Que ce soit sur le terrain ou dans l’arène juridique, jusqu’au plus haut tribunal, la Cour suprême, il a changé le cours des choses et réussi à transformer nos moeurs, nos valeurs et nos lois.

Cette opiniâtreté lui a permis de remporter de facto l’un des grands débats du siècle dernier, celui du libre choix.

Mais il a aussi imposé une pratique médicale rigoureuse, celle de l’avortement thérapeutique et sécuritaire au service des femmes.

Des convictions partagées par son collègue le docteur Jacques Ferron, qui ne lui ressemblait en rien mais écrivait ( 02 ) tout de même lucidement en 1973:

« En banlieue de Montréal, les pratiques abortives étaient plus nombreuses, les unes inefficaces comme l’application vétérinaire sur le nombril, l’introduction vaginale d’une pilule de permanganate de potasse, les autres plus sérieuses comme l’introduction dans le col d’une tige laminaire, dite bois d’orme ou bois d’homme qu’on se procurait à la pharmacie de M… pour cinq dollars. Cette tige peut valoir de quinze à vingt cents et ne saurait avoir d’autre emploi qu’abortif. La pharmacie de M… n’a jamais eu d’ennui pour cela. Les ennuis, c’est nous qui les avions, obligés d’achever un avortement incomplet par un curetage digital. Il y avait aussi les faiseuses d’anges. (…) Mon métier est de remédier et non de juger. Je n’ai jamais pensé à dénoncer un avortement illicite. Je n’ai pas pensé non plus qu’il s’agissait d’assassinat. On a exagéré le respect dû à la vie. La masturbation était un péché pour cette raison, à cause de la semence vitale et l’on ne remarquait pas que seuls les garçons pouvaient en être coupables. »

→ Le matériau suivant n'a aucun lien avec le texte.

theorem mainTheorem16:
  fixes G :: "('n, 'a) pregraph" and Q :: "('n \<times> 'n) set"
  assumes "lambda_graph G" and "query G Q"
  shows "sharing_equivalence G (spread G Q) \<longleftrightarrow>
         (\<exists>R. sharing_equivalence G R \<and> Q \<subseteq> R)"
proof
  assume "sharing_equivalence G (spread G Q)"
  moreover have "Q \<subseteq> spread G Q" by (auto intro: spread.sp_base)
  ultimately show "\<exists>R. sharing_equivalence G R \<and> Q \<subseteq> R" by blast
next
  assume "\<exists>R. sharing_equivalence G R \<and> Q \<subseteq> R"
  then obtain R where "sharing_equivalence G R" and "Q \<subseteq> R" by blast
  with assms interpret query_below_sharing_equivalence G Q R by unfold_locales
  show "sharing_equivalence G (spread G Q)" by (rule sharing_equivalence_spread)
qed

end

Encore trop jeune, j’ai manqué ces débats qui ont alors brassé notre société. Mais plus tard, durant mes études de médecine, j’ai moi-même appris la technique d’avortement par aspiration. C’était troublant et impressionnant. Le sang, les émotions vives, la douleur. Et une vraie détresse chez des femmes parfois encore adolescentes, aussi défaites par la situation que nous étions tendus par le geste que nous devions accomplir.

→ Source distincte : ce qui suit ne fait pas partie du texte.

(* Let $U^\star\in\mathbb R^{d\times r}$ have pairwise orthogonal nonzero columns, with smallest singular value $\sigma_r$. Let $r_1\in\{0,\dots,r\}$, $\Lambda=\mathrm{diag}(I_{r_1},-I_{r-r_1})$, $U\in\mathbb R^{d\times r}$, and let $Q\in\mathcal Q_{r_1}$ attain $\inf_{Q\in\mathcal Q_{r_1}}\|U-U^\star Q\|_F$. Then $$\langle U-U^\star Q,\ U(U^{\mathrm T}U-\Lambda U^{\mathrm T}U\Lambda)\rangle\ge\tfrac18\|U^{\mathrm T}U-\Lambda U^{\mathrm T}U\Lambda\|_F^2-\tfrac12\Pi^4(U,U^\star),$$ $$\|U^{\mathrm T}U-\Lambda U^{\mathrm T}U\Lambda\|_F^2\ge8(\sqrt2-1)\sigma_r^2\Pi^2(U,U^\star)-4\|U\Lambda U^{\mathrm T}-U^\star\Lambda U^{\star\mathrm T}\|_F^2,$$ and consequently $$\langle U-U^\star Q,\ U(U^{\mathrm T}U-\Lambda U^{\mathrm T}U\Lambda)\rangle\ge(\sqrt2-1)\sigma_r^2\Pi^2(U,U^\star)-\tfrac12\|U\Lambda U^{\mathrm T}-U^\star\Lambda U^{\star\mathrm T}\|_F^2-\tfrac12\Pi^4(U,U^\star).$$
   Context: $\mathbb Q^{m\times m}$ denotes orthogonal $m\times m$ matrices; $\mathcal Q_{r_1}=\{\mathrm{diag}(Q_1,Q_2):Q_1\in\mathbb Q^{r_1\times r_1},Q_2\in\mathbb Q^{(r-r_1)\times(r-r_1)}\}$; $\Pi(U_1,U_2)=\inf_{Q\in\mathcal Q_{r_1}}\|U_1-U_2Q\|_F$; $\langle A,B\rangle=\mathrm{tr}(A^{\mathrm T}B)$; $\|\cdot\|_F$ the Frobenius norm. *)

theory Defs
  imports "Jordan_Normal_Form.Matrix" "Jordan_Normal_Form.Char_Poly"
begin

definition frob_inner :: "real mat \<Rightarrow> real mat \<Rightarrow> real" where
  "frob_inner A B = (\<Sum>i<dim_row A. \<Sum>j<dim_col A. A $$ (i,j) * B $$ (i,j))"

definition frob_norm :: "real mat \<Rightarrow> real" where
  "frob_norm A = sqrt (\<Sum>i<dim_row A. \<Sum>j<dim_col A. (A $$ (i,j))^2)"

definition orth_mats :: "nat \<Rightarrow> real mat set" where
  "orth_mats m = {Q. Q \<in> carrier_mat m m \<and> transpose_mat Q * Q = 1\<^sub>m m}"

definition Qblock :: "nat \<Rightarrow> nat \<Rightarrow> real mat set" where
  "Qblock r r1 = {four_block_mat Q1 (0\<^sub>m r1 (r - r1)) (0\<^sub>m (r - r1) r1) Q2 | Q1 Q2.
                   Q1 \<in> orth_mats r1 \<and> Q2 \<in> orth_mats (r - r1)}"

definition Lam :: "nat \<Rightarrow> nat \<Rightarrow> real mat" where
  "Lam r r1 = four_block_mat (1\<^sub>m r1) (0\<^sub>m r1 (r - r1)) (0\<^sub>m (r - r1) r1) (- 1\<^sub>m (r - r1))"

definition Pi_dist :: "nat \<Rightarrow> real mat \<Rightarrow> real mat \<Rightarrow> real" where
  "Pi_dist r1 U1 U2 = (INF Q\<in>Qblock (dim_col U2) r1. frob_norm (U1 - U2 * Q))"

definition smallest_singular_value :: "real mat \<Rightarrow> real" where
  "smallest_singular_value A = sqrt (Min {k. eigenvalue (transpose_mat A * A) k})"

end

theory Submission
  imports Defs "HOL-Analysis.Convex"
begin

text \<open>
  Put \<open>Y = U\<^sup>\<star>Q\<close> and \<open>\<Delta> = U - Y\<close>. Minimality of \<open>Q\<close> says that \<open>P = Y\<^sup>TU\<close> maximises
  \<open>\<langle>P, R\<rangle>\<close> over the block-orthogonal group; testing this against Householder reflections and
  small rotations inside one block shows that \<open>P\<close> is symmetric on the diagonal blocks and positive
  semidefinite on vectors supported in one block. Since \<open>Y\<^sup>TY\<close> is block diagonal, the matrix
  \<open>M = U\<^sup>TU - \<Lambda>U\<^sup>TU\<Lambda>\<close> only sees the off-diagonal blocks of \<open>Y\<^sup>T\<Delta> + \<Delta>\<^sup>TY + \<Delta>\<^sup>T\<Delta>\<close>, whence
  \<open>\<langle>\<Delta>, UM\<rangle> = \<parallel>M\<parallel>\<^sup>2/4 + \<langle>\<Delta>\<^sup>T\<Delta>, M\<rangle>/2\<close> and the first inequality.
  For the second, \<open>U\<Lambda>U\<^sup>T - Y\<Lambda>Y\<^sup>T = E\<^sub>1 - E\<^sub>2\<close> splits along the two blocks, the cross term
  is controlled by \<open>\<parallel>M\<parallel>\<^sup>2 = 8\<langle>U\<^sub>1U\<^sub>1\<^sup>T, U\<^sub>2U\<^sub>2\<^sup>T\<rangle>\<close>, and each \<open>\<parallel>E\<^sub>k\<parallel>\<^sup>2\<close> is bounded below by the
  Procrustes-flow inequality of Tu et al., whose hypotheses are exactly the block symmetry and
  positivity of \<open>P\<close>.
\<close>

section \<open>The Frobenius inner product\<close>

lemma index_mult_mat_sum [simp]:
  "i < dim_row A \<Longrightarrow> j < dim_col B \<Longrightarrow> dim_col A = dim_row B \<Longrightarrow>
   (A * B) $$ (i,j) = (\<Sum>l<dim_row B. A $$ (i,l) * B $$ (l,j))"
  by (auto simp: scalar_prod_def atLeast0LessThan intro!: sum.cong)

declare index_mult_mat(1) [simp del]
declare minus_carrier_mat [simp]

lemma sum_rotate3:
  "(\<Sum>i\<in>A. \<Sum>j\<in>B. \<Sum>k\<in>C. g i j k) = (\<Sum>k\<in>C. \<Sum>i\<in>A. \<Sum>j\<in>B. (g i j k :: 'a :: comm_monoid_add))"
proof -
  have "(\<Sum>i\<in>A. \<Sum>j\<in>B. \<Sum>k\<in>C. g i j k) = (\<Sum>i\<in>A. \<Sum>k\<in>C. \<Sum>j\<in>B. g i j k)"
    by (rule sum.cong, simp, rule sum.swap)
  also have "\<dots> = (\<Sum>k\<in>C. \<Sum>i\<in>A. \<Sum>j\<in>B. g i j k)" by (rule sum.swap)
  finally show ?thesis .
qed

lemma frob_norm_sq: "(frob_norm A)^2 = frob_inner A A"
  unfolding frob_norm_def frob_inner_def
  by (subst real_sqrt_pow2) (auto intro!: sum_nonneg simp: power2_eq_square)

lemma frob_norm_nonneg: "frob_norm A \<ge> 0"
  unfolding frob_norm_def by (auto intro!: sum_nonneg)

lemma frob_inner_self_nonneg: "frob_inner A A \<ge> 0"
  unfolding frob_inner_def by (auto intro!: sum_nonneg)

lemma frob_inner_self_eq_0:
  "(\<And>i j. i < dim_row A \<Longrightarrow> j < dim_col A \<Longrightarrow> A $$ (i,j) = 0) \<Longrightarrow> frob_inner A A = 0"
  unfolding frob_inner_def by simp

lemma frob_inner_commute:
  "A \<in> carrier_mat n m \<Longrightarrow> B \<in> carrier_mat n m \<Longrightarrow> frob_inner A B = frob_inner B A"
  unfolding frob_inner_def by (auto simp: mult.commute)

lemma frob_inner_transpose:
  "A \<in> carrier_mat n m \<Longrightarrow> B \<in> carrier_mat n m \<Longrightarrow>
   frob_inner (transpose_mat A) (transpose_mat B) = frob_inner A B"
  unfolding frob_inner_def by (auto intro: sum.swap)

lemma frob_inner_add_left:
  "A \<in> carrier_mat n m \<Longrightarrow> B \<in> carrier_mat n m \<Longrightarrow> C \<in> carrier_mat n m \<Longrightarrow>
   frob_inner (B + C) A = frob_inner B A + frob_inner C A"
  unfolding frob_inner_def by (auto simp: algebra_simps sum.distrib)

lemma frob_inner_add_right:
  "A \<in> carrier_mat n m \<Longrightarrow> B \<in> carrier_mat n m \<Longrightarrow> C \<in> carrier_mat n m \<Longrightarrow>
   frob_inner A (B + C) = frob_inner A B + frob_inner A C"
  unfolding frob_inner_def by (auto simp: algebra_simps sum.distrib)

lemma frob_inner_diff_left:
  "A \<in> carrier_mat n m \<Longrightarrow> B \<in> carrier_mat n m \<Longrightarrow> C \<in> carrier_mat n m \<Longrightarrow>
   frob_inner (B - C) A = frob_inner B A - frob_inner C A"
  unfolding frob_inner_def by (auto simp: algebra_simps sum_subtractf)

lemma frob_inner_diff_right:
  "A \<in> carrier_mat n m \<Longrightarrow> B \<in> carrier_mat n m \<Longrightarrow> C \<in> carrier_mat n m \<Longrightarrow>
   frob_inner A (B - C) = frob_inner A B - frob_inner A C"
  unfolding frob_inner_def by (auto simp: algebra_simps sum_subtractf)

lemma frob_inner_smult_left:
  "A \<in> carrier_mat n m \<Longrightarrow> B \<in> carrier_mat n m \<Longrightarrow> frob_inner (c \<cdot>\<^sub>m B) A = c * frob_inner B A"
  unfolding frob_inner_def by (auto simp: algebra_simps sum_distrib_left)

lemma frob_inner_smult_right:
  "A \<in> carrier_mat n m \<Longrightarrow> B \<in> carrier_mat n m \<Longrightarrow> frob_inner A (c \<cdot>\<^sub>m B) = c * frob_inner A B"
  unfolding frob_inner_def by (auto simp: algebra_simps sum_distrib_left)

lemma frob_inner_one_right:
  "P \<in> carrier_mat r r \<Longrightarrow> frob_inner P (1\<^sub>m r) = (\<Sum>a<r. P $$ (a,a))"
  unfolding frob_inner_def by (simp add: if_distrib sum.delta cong: if_cong)

lemma frob_inner_mult_right_transpose_left:
  assumes A: "A \<in> carrier_mat n m" and B: "B \<in> carrier_mat n k" and C: "C \<in> carrier_mat k m"
  shows "frob_inner A (B * C) = frob_inner (transpose_mat B * A) C"
proof -
  have "frob_inner A (B * C) = (\<Sum>i<n. \<Sum>j<m. \<Sum>l<k. A $$ (i,j) * B $$ (i,l) * C $$ (l,j))"
    unfolding frob_inner_def using A B C by (simp add: sum_distrib_left mult.assoc)
  also have "\<dots> = (\<Sum>l<k. \<Sum>i<n. \<Sum>j<m. A $$ (i,j) * B $$ (i,l) * C $$ (l,j))"
    by (rule sum_rotate3)
  also have "\<dots> = (\<Sum>l<k. \<Sum>j<m. \<Sum>i<n. A $$ (i,j) * B $$ (i,l) * C $$ (l,j))"
    by (rule sum.cong, simp, rule sum.swap)
  also have "\<dots> = frob_inner (transpose_mat B * A) C"
    unfolding frob_inner_def using A B C by (simp add: sum_distrib_left mult_ac)
  finally show ?thesis .
qed

lemma frob_inner_mult_right_transpose_right:
  assumes A: "A \<in> carrier_mat n m" and B: "B \<in> carrier_mat n k" and C: "C \<in> carrier_mat k m"
  shows "frob_inner A (B * C) = frob_inner (A * transpose_mat C) B"
proof -
  have "frob_inner A (B * C) = frob_inner (transpose_mat A) (transpose_mat C * transpose_mat B)"
    using A B C by (simp add: frob_inner_transpose[symmetric, of _ n m] transpose_mult)
  also have "\<dots> = frob_inner (C * transpose_mat A) (transpose_mat B)"
    using A B C by (simp add: frob_inner_mult_right_transpose_left[of _ m n _ k])
  also have "\<dots> = frob_inner (A * transpose_mat C) B"
    using A B C by (simp add: frob_inner_transpose[symmetric, of _ n k] transpose_mult)
  finally show ?thesis .
qed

Il y avait encore à l’époque, si mon souvenir est bon, ces comités de médecins qui « décidaient » avec la femme enceinte l’indication de procéder ou non à l’avortement. Puis la cause Morgentaler s’est entre-temps rendue jusqu’en Cour suprême, en 1988. Sa victoire a bousculé nos lois, notamment le cadre médical prescrivant encore une décision éclairée par la sagesse de mes confrères. La lutte politique était terminée: la femme pouvait dorénavant décider seule d’avorter. Envers et contre tous, ce médecin avait réussi, avec d’autres, surtout des femmes, à changer le cours de l’histoire.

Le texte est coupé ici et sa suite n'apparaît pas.